December 6th, 2020
Hirsute
In middle school, bullied for body hair.
Matched hair, eyes, contrasted fair skin, a shroud
I wear everywhere. Was so scared
to shave above the knee. Was told no one
should look there anyway. Was whispered of
so many days in locker rooms by some
with blonde peach fuzz which was what love
looked like, at this time, to me, Florida
yellow/tan uniformity. Was called
a fiend, witch from another place, not of
the beach I breach, a plaited pouting pall
their boyfriends chased, animal they want to taste,
shadow to hide inside this golden place.
The Annotation:
I was doing my eyebrows today which are a constant problem. I’m not that great at it but if I neglect, which I sometimes do, I start to look like my father whose eyebrows seem like small pet perched on the top of his head at times. They’re cute on him, a thing that men worry about less than women. Certainly my father doesn’t worry about them at all.

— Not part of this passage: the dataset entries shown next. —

lemma dual_frame_dependency_eigenvector:
  fixes B X Z :: "'a::field mat"
  assumes B: "B \<in> carrier_mat m m" and X: "X \<in> carrier_mat m n" and Z: "Z \<in> carrier_mat m n"
    and XBX: "transpose_mat X * B * X = c \<cdot>\<^sub>m 1\<^sub>m n" and "c \<noteq> 0"
    and XBZ: "transpose_mat X * B * Z = d \<cdot>\<^sub>m 1\<^sub>m n"
    and ZBX: "transpose_mat Z * B * X = d \<cdot>\<^sub>m 1\<^sub>m n"
    and a: "a \<in> carrier_vec n" and b: "b \<in> carrier_vec n"
    and nontrivial: "a \<noteq> 0\<^sub>v n \<or> b \<noteq> 0\<^sub>v n" and dep: "X *\<^sub>v a + Z *\<^sub>v b = 0\<^sub>v m"
  shows "b \<noteq> 0\<^sub>v n" and "(transpose_mat Z * B * Z) *\<^sub>v b = (d * d / c) \<cdot>\<^sub>v b"
proof -
  let ?C = "transpose_mat Z * B * Z"
  have expand: "(P * B * X) *\<^sub>v a + (P * B * Z) *\<^sub>v b = 0\<^sub>v n" if P: "P \<in> carrier_mat n m" for P
  proof -
    have PB: "P * B \<in> carrier_mat n m"
      using P B by simp
    have "(P * B * X) *\<^sub>v a + (P * B * Z) *\<^sub>v b = (P * B) *\<^sub>v (X *\<^sub>v a + Z *\<^sub>v b)"
      using PB X Z a b by (simp add: mult_add_distrib_mat_vec[OF PB])
    then show ?thesis
      using PB unfolding dep by (simp add: mult_mat_vec_zero)
  qed
  have "(c \<cdot>\<^sub>m 1\<^sub>m n) *\<^sub>v a + (d \<cdot>\<^sub>m 1\<^sub>m n) *\<^sub>v b = 0\<^sub>v n"
    using expand[of "transpose_mat X"] X unfolding XBX XBZ by simp
  then have first: "c * a $ i + d * b $ i = 0" if "i < n" for i
    using that a b by (auto simp: smult_mat_mult_mat_vec[OF one_carrier_mat] vec_eq_iff)
  have "(d \<cdot>\<^sub>m 1\<^sub>m n) *\<^sub>v a + ?C *\<^sub>v b = 0\<^sub>v n"
    using expand[of "transpose_mat Z"] Z unfolding ZBX by simp
  then have second: "d * a $ i + (?C *\<^sub>v b) $ i = 0" if "i < n" for i
    using that a b B Z by (auto simp: smult_mat_mult_mat_vec[OF one_carrier_mat] vec_eq_iff)
  show "b \<noteq> 0\<^sub>v n"
  proof
    assume "b = 0\<^sub>v n"
    then have "a = 0\<^sub>v n"
      using first a \<open>c \<noteq> 0\<close> by (auto simp: vec_eq_iff)
    then show False
      using nontrivial \<open>b = 0\<^sub>v n\<close> by simp
  qed
  have "(?C *\<^sub>v b) $ i = (d * d / c) * b $ i" if "i < n" for i
    using first[OF that] second[OF that] \<open>c \<noteq> 0\<close>
    by (simp add: field_simps) (metis mult.left_commute mult_minus_right neg_eq_iff_add_eq_0)
  then show "?C *\<^sub>v b = (d * d / c) \<cdot>\<^sub>v b"
    using B Z b by (intro eq_vecI) auto
qed
text \<open>The projections \<open>P k\<close> of the unit vectors \<open>e\<^sub>k\<close> onto the orthogonal complement of the
  family satisfy \<open>\<Sum>k<n. \<parallel>P k\<parallel>\<^sup>2 = n - card J > 0\<close>, so one of them is nonzero.\<close>

lemma exists_unit_orthogonal:
  assumes fin: "finite J" and orth: "orthonormal_family n J f" and card: "card J < n"
  shows "\<exists>w. dot n w w = 1 \<and> (\<forall>j\<in>J. dot n w (f j) = 0)"
proof -
  define P where "P k = (\<lambda>l. (if l = k then 1 else 0) - (\<Sum>j\<in>J. f j k * f j l))" for k
  have P_orth: "dot n (P k) (f i) = 0" if "k < n" "i \<in> J" for k i
  proof -
    have "dot n (P k) (f i) = f i k - (\<Sum>j\<in>J. f j k * dot n (f j) (f i))"
      unfolding P_def by (simp add: dot_diff_left dot_sum_left dot_unit_left that)
    then show ?thesis using orthonormal_sum_dot_left[OF orth fin that(2)] by simp
  qed
  have P_self: "dot n (P k) (P k) = P k k" if "k < n" for k
  proof -
    have "dot n (P k) (P k) = dot n (P k) (\<lambda>l. if l = k then 1 else 0) - (\<Sum>j\<in>J. f j k * dot n (P k) (f j))"
      by (subst (2) P_def) (simp add: dot_diff_right dot_sum_right)
    then show ?thesis using P_orth[OF that] by (simp add: dot_unit_right that)
  qed
  have "(\<Sum>k<n. P k k) = real n - (\<Sum>j\<in>J. dot n (f j) (f j))"
    unfolding P_def by (simp add: sum_subtractf dot_def sum.swap[of _ J])
  also have "\<dots> = real n - real (card J)"
    using orth by (simp add: orthonormal_familyD)
  finally have "0 < (\<Sum>k<n. P k k)" using card by simp
  then obtain k where k: "k < n" "0 < P k k"
    by (metis (no_types, lifting) lessThan_iff not_le sum_nonpos)
  show ?thesis
    using dot_normalize[of n "P k"] P_orth[OF k(1)] P_self[OF k(1)] k(2)
    by (intro exI[of _ "\<lambda>l. P k l / sqrt (dot n (P k) (P k))"]) (simp add: dot_divide_left)
qed

lemma orthonormal_family_extend:
  assumes "J \<subseteq> {..<m}" and "m \<le> n" and "orthonormal_family n J f"
  shows "\<exists>g. orthonormal_family n {..<m} g \<and> (\<forall>j\<in>J. g j = f j)"
  using assms
proof (induction "card ({..<m} - J)" arbitrary: J f)
  case 0
  then have "J = {..<m}" by auto
  with 0 show ?case by blast
next
  case (Suc N)
  obtain i where i: "i < m" "i \<notin> J"
    using Suc.hyps(2) by (metis Diff_iff card.empty ex_in_conv lessThan_iff nat.distinct(1))
  have fin: "finite J" using Suc.prems(1) finite_subset by blast
  have "card J < m"
    using Suc.prems(1) i by (metis card_lessThan finite_lessThan lessThan_iff psubset_card_mono psubsetI)
  then obtain w where w: "dot n w w = 1" "\<forall>j\<in>J. dot n w (f j) = 0"
    using exists_unit_orthogonal[OF fin Suc.prems(3)] Suc.prems(2) by force
  have "orthonormal_family n (insert i J) (f(i := w))"
    using orthonormal_family_insert[OF Suc.prems(3)] w i by blast
  moreover have "N = card ({..<m} - insert i J)"
    using Suc.hyps(2) i by (simp add: Diff_insert2[symmetric] card_Diff_singleton)
  ultimately obtain g where "orthonormal_family n {..<m} g" "\<forall>j\<in>insert i J. g j = (f(i := w)) j"
    using Suc.hyps(1)[of "insert i J" "f(i := w)"] Suc.prems(1,2) i by auto
  then show ?case using i by (intro exI[of _ g]) auto
qed

lemma orthonormal_basis_transpose:
  assumes orth: "orthonormal_family m {..<m} u" and "l < m" and "l' < m"
  shows "(\<Sum>a<m. u a l * u a l') = (if l = l' then 1 else 0)"
proof -
  define U where "U = mat m m (\<lambda>(l, a). u a l)"
  have U: "U \<in> carrier_mat m m" unfolding U_def by simp
  have "(transpose_mat U * U) $$ (a, b) = dot m (u a) (u b)" if "a < m" "b < m" for a b
    using that by (simp add: U_def scalar_prod_def dot_def lessThan_atLeast0)
  then have "transpose_mat U * U = 1\<^sub>m m"
    using orth by (intro eq_matI) (auto simp: U_def orthonormal_familyD)
  then have "U * transpose_mat U = 1\<^sub>m m"
    using mat_mult_left_right_inverse[of "transpose_mat U" m U] U by auto
  then show ?thesis
    using assms(2,3) by (auto dest!: arg_cong[where f = "\<lambda>M. M $$ (l, l')"]
        simp: U_def scalar_prod_def lessThan_atLeast0)
qed

lemma orthonormal_basis_expansion:
  assumes orth: "orthonormal_family m {..<m} u" and l: "l < m"
  shows "(\<Sum>a<m. dot m (u a) y * u a l) = y l"
proof -
  have "(\<Sum>a<m. dot m (u a) y * u a l) = (\<Sum>a<m. \<Sum>l'<m. y l' * (u a l * u a l'))"
    unfolding dot_def by (simp add: sum_distrib_left sum_distrib_right mult_ac)
  also have "\<dots> = (\<Sum>l'<m. y l' * (\<Sum>a<m. u a l * u a l'))"
    by (subst sum.swap) (simp add: sum_distrib_left)
  also have "\<dots> = (\<Sum>l'<m. if l' = l then y l else 0)"
    using orthonormal_basis_transpose[OF orth l] by (intro sum.cong) auto
  also have "\<dots> = y l"
    using l by simp
  finally show ?thesis .
qed

lemma orthonormal_basis_parseval:
  assumes orth: "orthonormal_family m {..<m} u"
  shows "(\<Sum>a<m. (dot m (u a) y)\<^sup>2) = dot m y y"
proof -
  have "(\<Sum>a<m. (dot m (u a) y)\<^sup>2) = (\<Sum>a<m. \<Sum>l<m. dot m (u a) y * u a l * y l)"
    unfolding power2_eq_square by (subst (2) dot_def) (simp add: sum_distrib_left mult.assoc)
  also have "\<dots> = (\<Sum>l<m. (\<Sum>a<m. dot m (u a) y * u a l) * y l)"
    by (subst sum.swap) (simp add: sum_distrib_right)
  also have "\<dots> = dot m y y"
    by (simp add: orthonormal_basis_expansion[OF orth] dot_def[of m y y])
  finally show ?thesis .
qed

lemma span_dist_sq_add_span:
  assumes orth: "orthonormal_family n {..<K} q"
  shows "span_dist_sq n K q (\<lambda>l. x l + (\<Sum>j<K. c j * q j l)) = span_dist_sq n K q x"
proof -
  let ?y = "\<lambda>l. x l + (\<Sum>j<K. c j * q j l)"
  have qy: "dot n (q j) ?y = dot n (q j) x + c j" if "j < K" for j
    using orthonormal_sum_dot_right[OF orth _, of j c] that by (simp add: dot_add_right dot_sum_right)
  have xq: "dot n x (q j) = dot n (q j) x" for j
    by (rule dot_commute)
  have "dot n ?y ?y = dot n x x + 2 * (\<Sum>j<K. c j * dot n (q j) x) + (\<Sum>j<K. (c j)\<^sup>2)"
    using dot_self_orthonormal_combination[OF orth, of c]
    by (simp add: dot_add_left dot_add_right dot_sum_left dot_sum_right xq)
  moreover have "(\<Sum>j<K. (dot n (q j) ?y)\<^sup>2)
      = (\<Sum>j<K. (dot n (q j) x)\<^sup>2) + 2 * (\<Sum>j<K. c j * dot n (q j) x) + (\<Sum>j<K. (c j)\<^sup>2)"
    by (simp add: qy power2_sum sum.distrib sum_distrib_left mult_ac)
  ultimately show ?thesis unfolding span_dist_sq_def by simp
qed

lemma span_dist_sq_nonneg:
  assumes orth: "orthonormal_family n {..<K} q"
  shows "0 \<le> span_dist_sq n K q x"
proof -
  define z where "z = (\<lambda>l. x l - (\<Sum>j<K. dot n (q j) x * q j l))"
  have x: "x = (\<lambda>l. z l + (\<Sum>j<K. dot n (q j) x * q j l))" unfolding z_def by simp
  have "dot n (q j) z = 0" if "j < K" for j
    using orthonormal_sum_dot_right[OF orth _, of j] that
    unfolding z_def by (simp add: dot_diff_right dot_sum_right)
  then have "span_dist_sq n K q z = dot n z z" unfolding span_dist_sq_def by simp
  moreover have "span_dist_sq n K q x = span_dist_sq n K q z"
    by (subst (1) x) (rule span_dist_sq_add_span[OF orth])
  ultimately show ?thesis using dot_self_nonneg[of n z] by simp
qed

section \<open>The spectral theorem and the singular value decomposition\<close>

lemma symmetric_hermitian_form_real:
  fixes t :: "nat \<Rightarrow> nat \<Rightarrow> real" and z :: "nat \<Rightarrow> complex"
  assumes sym: "\<And>i j. i < p \<Longrightarrow> j < p \<Longrightarrow> t i j = t j i"
  shows "Im (\<Sum>i<p. \<Sum>j<p. complex_of_real (t i j) * (cnj (z i) * z j)) = 0"
proof -
  let ?s = "\<Sum>i<p. \<Sum>j<p. complex_of_real (t i j) * (cnj (z i) * z j)"
  have pointwise: "complex_of_real (t i j) * (z i * cnj (z j)) = complex_of_real (t j i) * (cnj (z j) * z i)"
    if "i < p" "j < p" for i j
    using sym[OF that] by (simp add: mult.commute)
  have "cnj ?s = (\<Sum>i<p. \<Sum>j<p. complex_of_real (t j i) * (cnj (z j) * z i))"
    unfolding cnj_sum by (simp add: pointwise)
  also have "\<dots> = ?s"
    by (rule sum.swap)
  finally show ?thesis
    by (simp only: complex_is_Real_iff[symmetric] Reals_cnj_iff)
qed

lemma eigenvalue_of_real_mat:
  fixes T :: "real mat"
  assumes T: "T \<in> carrier_mat p p" and ev: "eigenvalue (map_mat complex_of_real T) (complex_of_real \<mu>)"
  shows "eigenvalue T \<mu>"
proof -
  have "poly (map_poly complex_of_real (char_poly T)) (complex_of_real \<mu>) = 0"
    using ev eigenvalue_root_char_poly[of "map_mat complex_of_real T" p] T
    by (simp add: of_real_hom.char_poly_hom[OF T])
  then have "poly (char_poly T) \<mu> = 0"
    by (simp add: of_real_hom.poly_map_poly)
  then show ?thesis using eigenvalue_root_char_poly[OF T] by blast
qed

Like my youthful face, I get my face almost entirely from my father. Including the eyebrows. I have dark hair, not quite as dark as I dye it but the little hairs that pop up around me and my bushy eyebrows they have always been very dark. It feels good now to match all my hairs. 🙂
This may be one of my most personally embarrassing annotations and poems. I have felt such shame for my dark hair and pale skin. It set me apart even as a girl in the sunshine state of Florida where tans and blondes with peach fuzz saw me marked by a difference I couldn’t control. Couldn’t even shave about the knee because my parents were very religious and thought I shouldn’t be showing skin above the knee anyway. Shaving seemed an invitation to looks and touching and none of that was permitted to me.
But at school,I felt my looks marked me as different, the dark hair and eyes and fair skin and the dark body hair — I was called names by girls often. My difference seemed attractive though to boys though in a secret, menacing way that scared me. I felt marked for a different kind of attention that I was aware of but intimidated by. I was an abused, innocent girl. I already felt so different than everyone. I wanted so to be able to blend and I never could. Even now, I still don’t blend. I try in ways but I also care less which is a blessing for a hirsute little girl like me.